VRM is user-driven

In Two tales of user-centricities, Adriana Lukas gets at something that has bothered me for years about the term “user-centric”. It always seemed too external to me. It equates too easily with terms like “customer-focused”. It’s something an organization does for a user. Not something a user does for herself or himself.

In the past I’ve tried to steer the identity development community away from it, suggesting terms like “independent” instead of “user-centric”. But I failed and just accepted “user-centric” as is. Hell, I don’t like the term “user”, either.

But I think Adriana is right about “-driven”. It’s a much better term. I don’t know if it’s too late to get the identity community to adopt it, but we’re still getting started with VRM. Regardless of what adjectival phrases we use to describe what VRM is about, it’s essential to get our vectors right.

With VRM, our vectors are anchored on the user side, the customer side, the individual’s side. The relationships we establish and manage are on our terms and not just those of vendors. We are not against vendors in the least, of course. Our logic is AND, not OR. But it starts with the sovereign autonomy and independence of each individual as a fully-empowered participant in the relationships that comprise markets and other social arrangements. “-driven” says that much more clearly and correctly than “-centric”.

Same goes for the identity development efforts I’m most familiar with.

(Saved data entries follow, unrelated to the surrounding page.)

(* Let $\varrho(N)$ be probability measures on $\hat U(N)$, $N\in\mathbb{N}$, such that $m_{N,PP(0)}[\varrho(N)]$ converges as $N\to\infty$ in probability, in the sense of moments, to a deterministic measure $\mu^{(0)}$ with moments $(\mu^{(0)}_k)_{k\ge0}$. Then for every $q\in[-1,1]$, $m_{N,PP(q)}[\varrho(N)]$ converges in probability, in the sense of moments, to a deterministic probability measure $\mu^{(q)}$ whose moments $(\mu^{(q)}_k)$ satisfy the identity of formal power series \[ \exp\Big(-q\sum_{k\ge0}\mu^{(0)}_kz^{k+1}\Big)=1-q\sum_{k\ge0}\mu^{(q)}_kz^{k+1}. \]
   Context: A signature of length $N$ is a tuple $\lambda=(\lambda_1\ge\dots\ge\lambda_N)\in\mathbb{Z}^N$; $\hat U(N)$ denotes the set of signatures of length $N$. For $q\in[-1,1]$ and $\lambda\in\hat U(N)$ the $q$-deformed Perelomov–Popov measure is \[ m_{N,PP(q)}[\lambda]=\frac1N\sum_{i=1}^N\Big(\prod_{j\ne i}\frac{(\lambda_i-i)-(\lambda_j-j)-q}{(\lambda_i-i)-(\lambda_j-j)}\Big)\delta\Big(\frac{\lambda_i+N-i}{N}\Big), \] and $m_{N,PP(q)}[\varrho(N)]$ denotes the random measure $m_{N,PP(q)}[\lambda]$ with $\lambda$ distributed according to $\varrho(N)$. Random measures $m_N$ converge in probability in the sense of moments to a deterministic measure $\mu$ if for every $k$, $\int t^k m_N(dt)\to\int t^k\mu(dt)$ in probability. *)

theory Defs
  imports "HOL-Probability.Probability" "HOL-Computational_Algebra.Formal_Power_Series"
begin

text \<open>Signatures of length N, represented as integer lists (0-based indices:
  list position i corresponds to the paper's index i+1).\<close>
definition signatures :: "nat \<Rightarrow> int list set" where
  "signatures N = {l. length l = N \<and> sorted_wrt (\<ge>) l}"

definition pp_weight :: "real \<Rightarrow> nat \<Rightarrow> int list \<Rightarrow> nat \<Rightarrow> real" where
  "pp_weight q N l i =
     (1 / real N) * (\<Prod>j\<in>{0..<N} - {i}.
        (real_of_int ((l!i - int i) - (l!j - int j)) - q) / real_of_int ((l!i - int i) - (l!j - int j)))"

text \<open>Location of the atom with (0-based) index i: (lambda_i + N - i)/N with 1-based i.\<close>
definition pp_atom :: "nat \<Rightarrow> int list \<Rightarrow> nat \<Rightarrow> real" where
  "pp_atom N l i = (real_of_int (l!i) + real N - real (i + 1)) / real N"

text \<open>k-th moment of the (finite, discrete, possibly signed) measure m_{N,PP(q)}[l],
  i.e. the integral of t^k against sum_i weight_i * delta(atom_i).\<close>
definition pp_moment :: "real \<Rightarrow> nat \<Rightarrow> int list \<Rightarrow> nat \<Rightarrow> real" where
  "pp_moment q N l k = (\<Sum>i<N. pp_weight q N l i * pp_atom N l i ^ k)"

definition pp_moments_converge_in_prob ::
  "real \<Rightarrow> (nat \<Rightarrow> int list pmf) \<Rightarrow> (nat \<Rightarrow> real) \<Rightarrow> bool" where
  "pp_moments_converge_in_prob q \<rho> c \<longleftrightarrow>
     (\<forall>k. \<forall>\<epsilon>>0. (\<lambda>N. measure_pmf.prob (\<rho> N) {l. \<bar>pp_moment q N l k - c k\<bar> > \<epsilon>})
                    \<longlonglongrightarrow> 0)"

definition moment :: "real measure \<Rightarrow> nat \<Rightarrow> real" where
  "moment \<mu> k = (\<integral>t. t ^ k \<partial>\<mu>)"

end

theory Submission
  imports Defs "HOL-Computational_Algebra.Polynomial_FPS"
begin

text \<open>Write a(i) = (\<lambda>(i) + N - i)/N for the atoms of m_{N,PP(q)}[\<lambda>]. They are distinct, and
  its weights are 1/N times the Lagrange residues of the rational function
  \<Prod>(t - a(j) - q/N) / \<Prod>(t - a(j)). Hence the series H(z) = 1 - q z \<Sum> m_k z^k of its
  moments satisfies H(z) \<Prod>(1 - a(j) z) = \<Prod>(1 - (a(j) + q/N) z), so the logarithmic
  derivative of H is a combination of the power sums \<Sum> a(j)^r = N m_r^(0), with coefficients
  converging to those of the derivative of -q z \<Sum> \<mu>_k^(0) z^k. The resulting recursion for
  the coefficients of H passes to the limit in probability, and the limiting recursion is the
  one satisfied by the coefficients of the exponential.

  For |q| \<le> 1 the weights are nonnegative and sum to 1. Realisations whose moments are close
  to the limits have bounded second moments, so by Helly's theorem a subsequence converges
  weakly; bounded even moments let all moments pass to the weak limit, which is \<mu>^(q).\<close>

definition lagrange_weight :: "nat \<Rightarrow> (nat \<Rightarrow> real) \<Rightarrow> real \<Rightarrow> nat \<Rightarrow> real" where
  "lagrange_weight N a e i = (\<Prod>j\<in>{..<N}-{i}. (a i - a j - e) / (a i - a j))"

lemma degree_prod_monic_linear:
  fixes c :: "nat \<Rightarrow> 'a::idom"
  shows "degree (\<Prod>j<N. [:c j, 1:]) = N \<and> coeff (\<Prod>j<N. [:c j, 1:]) N = 1"
proof -
  have d: "degree (\<Prod>j<N. [:c j, 1:]) = N"
    by (subst degree_prod_eq_sum_degree) auto
  have "lead_coeff (\<Prod>j<N. [:c j, 1:]) = 1"
    by (simp add: lead_coeff_prod)
  with d show ?thesis by simp
qed

lemma degree_prod_shift_minus_prod_less:
  fixes a :: "nat \<Rightarrow> 'a::idom"
  assumes "N \<ge> 1"
  shows "degree ((\<Prod>j<N. [:-(a j + e), 1:]) - (\<Prod>j<N. [:- a j, 1:])) < N"
proof -
  define p where "p = (\<Prod>j<N. [:-(a j + e), 1:]) - (\<Prod>j<N. [:- a j, 1:])"
  note m1 = degree_prod_monic_linear[of "\<lambda>j. -(a j + e)" N]
    and m2 = degree_prod_monic_linear[of "\<lambda>j. - a j" N]
  have "degree p \<le> N" unfolding p_def using m1 m2 by (intro degree_diff_le) auto
  moreover have "coeff p N = 0" unfolding p_def using m1 m2 by simp
  ultimately have "degree p < N"
    using assms by (cases "p = 0") (auto simp: le_less)
  then show ?thesis unfolding p_def .
qed
lemma gamma2_le_factorization:
  assumes "\<forall>i<k. \<forall>j<N. (\<Sum>l<d. R i l * A l j) = M i j"
  shows "gamma2 k N M \<le> norm_2_inf k d R * norm_1_2 d N A"
  unfolding gamma2_def
proof (rule cInf_lower)
  show "norm_2_inf k d R * norm_1_2 d N A \<in> {norm_2_inf k d R * norm_1_2 d N A | d R A.
      \<forall>i<k. \<forall>j<N. (\<Sum>l<d. R i l * A l j) = M i j}"
    using assms by blast
qed (auto intro!: bdd_belowI[of _ 0] mult_nonneg_nonneg norm_2_inf_nonneg norm_1_2_nonneg)

lemma abs_entry_le_gamma2:
  assumes "i < k" and "j < N"
  shows "\<bar>M i j\<bar> \<le> gamma2 k N M"
proof -
  have factorizable: "\<exists>(d::nat) R A. \<forall>i<k. \<forall>j<N. (\<Sum>l<d. R i l * A l j) = M i j"
    by (intro exI[of _ k] exI[of _ "\<lambda>i l. of_bool (i = l) :: real"] exI[of _ M]) simp
  have "\<bar>M i j\<bar> \<le> norm_2_inf k d R * norm_1_2 d N A"
    if "\<forall>i<k. \<forall>j<N. (\<Sum>l<d. R i l * A l j) = M i j" for d R A
  proof -
    have "\<bar>M i j\<bar> = \<bar>\<Sum>l<d. R i l * A l j\<bar>"
      using that assms by simp
    also have "\<dots> \<le> (\<Sum>l<d. \<bar>R i l\<bar> * \<bar>A l j\<bar>)"
      unfolding abs_mult[symmetric] by (rule sum_abs)
    also have "\<dots> \<le> L2_set (R i) {..<d} * L2_set (\<lambda>l. A l j) {..<d}"
      by (rule L2_set_mult_ineq)
    also have "\<dots> \<le> norm_2_inf k d R * norm_1_2 d N A"
      using assms by (intro mult_mono row_norm_le_norm_2_inf column_norm_le_norm_1_2
          norm_2_inf_nonneg L2_set_nonneg)
    finally show ?thesis .
  qed
  then show ?thesis
    unfolding gamma2_def using factorizable by (intro cInf_greatest) blast+
qed

lemma frob_inner_le_gamma2_dual:
  assumes "gamma2 k N V \<le> 1"
  shows "frob_inner k N U V \<le> gamma2_dual k N U"
proof -
  have "frob_inner k N U W \<le> (\<Sum>i<k. \<Sum>j<N. \<bar>U i j\<bar>)" if "gamma2 k N W \<le> 1" for W
  proof -
    have "U i j * W i j \<le> \<bar>U i j\<bar>" if "i < k" "j < N" for i j
    proof -
      have "\<bar>W i j\<bar> \<le> 1"
        using abs_entry_le_gamma2[OF that, of W] \<open>gamma2 k N W \<le> 1\<close> by linarith
      then have "\<bar>U i j * W i j\<bar> \<le> \<bar>U i j\<bar>"
        by (simp add: abs_mult mult_left_le)
      then show ?thesis by linarith
    qed
    then show ?thesis
      unfolding frob_inner_def by (intro sum_mono) auto
  qed
  then have "bdd_above {frob_inner k N U V | V. gamma2 k N V \<le> 1}"
    by (intro bdd_aboveI) blast
  then show ?thesis
    unfolding gamma2_dual_def using assms by (intro cSup_upper) blast+
qed

lemma gamma2_inner_products_le_1:
  fixes d :: nat and x y :: "nat \<Rightarrow> nat \<Rightarrow> real"
  assumes "\<And>i. i < k \<Longrightarrow> L2_set (x i) {..<d} \<le> 1"
    and "\<And>j. j < N \<Longrightarrow> L2_set (y j) {..<d} \<le> 1"
  shows "gamma2 k N (\<lambda>i j. \<Sum>l<d. x i l * y j l) \<le> 1"
proof -
  have "gamma2 k N (\<lambda>i j. \<Sum>l<d. x i l * y j l) \<le> norm_2_inf k d x * norm_1_2 d N (\<lambda>l j. y j l)"
    by (rule gamma2_le_factorization) simp
  also have "\<dots> \<le> 1"
    using assms by (intro mult_le_one norm_2_inf_le norm_1_2_le norm_1_2_nonneg) auto
  finally show ?thesis .
qed

lemma gamma2_dual_nonneg: "0 \<le> gamma2_dual k N U"
  \<comment> \<open>the zero matrix is the empty Gram matrix (\<open>d = 0\<close>)\<close>
  using frob_inner_le_gamma2_dual[OF gamma2_inner_products_le_1[where d = 0]]
  by (simp add: frob_inner_def)

lemma exists_norming_vector:
  fixes z :: "'a \<Rightarrow> real"
  shows "\<exists>x. L2_set x A \<le> 1 \<and> (\<Sum>l\<in>A. x l * z l) = L2_set z A"
proof (cases "L2_set z A = 0")
  case True
  then show ?thesis by (intro exI[of _ "\<lambda>_. 0"]) (simp add: L2_set_0')
next
  case False
  have square: "(L2_set z A)\<^sup>2 = (\<Sum>l\<in>A. (z l)\<^sup>2)"
    unfolding L2_set_def by (simp add: sum_nonneg)
  have "(\<Sum>l\<in>A. z l / L2_set z A * z l) = (\<Sum>l\<in>A. (z l)\<^sup>2) / L2_set z A"
    by (simp add: sum_divide_distrib power2_eq_square)
  also have "\<dots> = L2_set z A"
    unfolding square[symmetric] using False by (simp add: power2_eq_square)
  moreover have "L2_set (\<lambda>l. z l / L2_set z A) A = 1"
    using L2_set_left_distrib[of "1 / L2_set z A" z A] False by simp
  ultimately show ?thesis
    by (intro exI[of _ "\<lambda>l. z l / L2_set z A"]) simp
qed

lemma weighted_row_norms_le_gamma2_dual:
  fixes d :: nat and y :: "nat \<Rightarrow> nat \<Rightarrow> real"
  assumes UM: "\<forall>i<k. \<forall>j<N. U i j = \<pi> i * M i j"
    and y: "\<And>j. j < N \<Longrightarrow> L2_set (y j) {..<d} \<le> 1"
  shows "(\<Sum>i<k. \<pi> i * L2_set (\<lambda>l. \<Sum>j<N. M i j * y j l) {..<d}) \<le> gamma2_dual k N U"
proof -
  define z where "z i = (\<lambda>l. \<Sum>j<N. M i j * y j l)" for i
  have "\<forall>i. \<exists>xi. L2_set xi {..<d} \<le> 1 \<and> (\<Sum>l<d. xi l * z i l) = L2_set (z i) {..<d}"
    using exists_norming_vector by blast
  then obtain x where x: "\<And>i. L2_set (x i) {..<d} \<le> 1"
    and norming: "\<And>i. (\<Sum>l<d. x i l * z i l) = L2_set (z i) {..<d}"
    by metis
  have "(\<Sum>j<N. U i j * (\<Sum>l<d. x i l * y j l)) = \<pi> i * L2_set (z i) {..<d}" if "i < k" for i
  proof -
    have "(\<Sum>j<N. U i j * (\<Sum>l<d. x i l * y j l)) = \<pi> i * (\<Sum>l<d. x i l * z i l)"
      using UM that by (simp add: z_def sum_distrib_left mult_ac sum.swap[of _ "{..<d}"])
    then show ?thesis by (simp add: norming)
  qed
  then have "frob_inner k N U (\<lambda>i j. \<Sum>l<d. x i l * y j l) = (\<Sum>i<k. \<pi> i * L2_set (z i) {..<d})"
    unfolding frob_inner_def by (intro sum.cong) auto
  moreover have "frob_inner k N U (\<lambda>i j. \<Sum>l<d. x i l * y j l) \<le> gamma2_dual k N U"
    using x y by (intro frob_inner_le_gamma2_dual gamma2_inner_products_le_1)
  ultimately show ?thesis by (simp add: z_def)
qed

lemma weighted_rms_row_actions_le_gamma2_dual:
  fixes f :: "nat \<Rightarrow> nat \<Rightarrow> real"
  assumes UM: "\<forall>i<k. \<forall>j<N. U i j = \<pi> i * M i j"
    and "0 < T" and f: "\<And>l j. l < T \<Longrightarrow> j < N \<Longrightarrow> \<bar>f l j\<bar> \<le> 1"
  shows "(\<Sum>i<k. \<pi> i * sqrt ((\<Sum>l<T. (\<Sum>j<N. M i j * f l j)\<^sup>2) / T)) \<le> gamma2_dual k N U"
proof -
  define y where "y j l = f l j / sqrt T" for j l
  have "L2_set (y j) {..<T} \<le> 1" if "j < N" for j
  proof -
    have "(\<Sum>l<T. (y j l)\<^sup>2) \<le> (\<Sum>l<T. 1 / T)"
      using f that by (intro sum_mono) (simp add: y_def power_divide abs_square_le_1 divide_right_mono)
    also have "\<dots> = 1" using \<open>0 < T\<close> by simp
    finally show ?thesis by (simp add: L2_set_def)
  qed
  moreover have "L2_set (\<lambda>l. \<Sum>j<N. M i j * y j l) {..<T}
      = sqrt ((\<Sum>l<T. (\<Sum>j<N. M i j * f l j)\<^sup>2) / T)" for i
  proof -
    have "(\<Sum>j<N. M i j * y j l) = (\<Sum>j<N. M i j * f l j) / sqrt T" for l
      by (simp add: y_def sum_divide_distrib)
    then show ?thesis by (simp add: L2_set_def power_divide flip: sum_divide_distrib)
  qed
  ultimately show ?thesis
    using weighted_row_norms_le_gamma2_dual[OF UM, where d = T and y = y] by simp
qed
lemma geometric_has_sum_upto:
  fixes \<alpha> :: real and m :: int
  assumes "\<alpha> > 0"
  shows "((\<lambda>k::int. 2 powr (\<alpha> * k)) has_sum 2 powr (\<alpha> * m) / (1 - 2 powr (- \<alpha>))) {..m}"
proof -
  define r where "r = 2 powr (- \<alpha>)"
  have r: "0 \<le> r" "r < 1" using assms by (auto simp: r_def intro!: powr_less_one)
  have "((\<lambda>j::nat. r ^ j) has_sum 1 / (1 - r)) UNIV"
    by (rule sums_nonneg_imp_has_sum) (use r geometric_sums[of r] in auto)
  from has_sum_cmult_right[OF this, of "2 powr (\<alpha> * m)"]
  have "((\<lambda>j::nat. 2 powr (\<alpha> * m) * r ^ j) has_sum 2 powr (\<alpha> * m) / (1 - r)) UNIV" by simp
  moreover have "2 powr (\<alpha> * m) * r ^ j = 2 powr (\<alpha> * real_of_int (m - int j))" for j
    by (simp add: r_def powr_power powr_add[symmetric] algebra_simps)
  ultimately have "(((\<lambda>k::int. 2 powr (\<alpha> * k)) \<circ> (\<lambda>j. m - int j)) has_sum
                    2 powr (\<alpha> * m) / (1 - r)) UNIV"
    by (simp add: o_def)
  moreover have "inj (\<lambda>j::nat. m - int j)" by (auto simp: inj_on_def)
  moreover have "range (\<lambda>j::nat. m - int j) = {..m}"
  proof (intro set_eqI iffI)
    fix k assume "k \<in> {..m}"
    then have "k = m - int (nat (m - k))" by auto
    then show "k \<in> range (\<lambda>j::nat. m - int j)" by blast
  qed auto
  ultimately show ?thesis using has_sum_reindex by (metis r_def)
qed

lemma geometric_has_sum_above:
  fixes \<beta> :: real and m :: int
  assumes "\<beta> > 0"
  shows "((\<lambda>k::int. 2 powr (- \<beta> * k)) has_sum 2 powr (- \<beta> * (m + 1)) / (1 - 2 powr (- \<beta>))) {m<..}"
proof -
  have "((\<lambda>k::int. 2 powr (\<beta> * k)) has_sum 2 powr (\<beta> * (- (m + 1))) / (1 - 2 powr (- \<beta>)))
          {..- (m + 1)}"
    by (rule geometric_has_sum_upto[OF assms])
  moreover have "uminus ` {m<..} = {..- (m + 1)}" by (auto simp: image_uminus_greaterThan)
  moreover have "- \<beta> * (m + 1) = \<beta> * (- (m + 1))" by (simp add: algebra_simps)
  ultimately have "((\<lambda>k::int. 2 powr (\<beta> * k)) has_sum 2 powr (- \<beta> * (m + 1)) / (1 - 2 powr (- \<beta>)))
          (uminus ` {m<..})"
    by (simp only:)
  then have "(((\<lambda>k::int. 2 powr (\<beta> * k)) \<circ> uminus) has_sum
               2 powr (- \<beta> * (m + 1)) / (1 - 2 powr (- \<beta>))) {m<..}"
    by (rule has_sum_reindex[THEN iffD1, rotated]) (simp add: inj_on_def)
  then show ?thesis by (simp add: o_def)
qed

The difference is that they’re downstream with their vocabularies and we’re not.

For the identity folks, I’d like to see a session at IIW (and discussion in any case) about concepts and vocabularies. Because when I look at this goal of Identity Commons

To support, facilitate, and promote the creation of an open identity layer for the Internet, one that maximizes control, convenience, and privacy for the individual while encouraging the development of healthy, interoperable communities.

… I see “-driven” rather than “-centric”.

So hey, maybe it’s not too late. The Identity Thing is still pretty young, too.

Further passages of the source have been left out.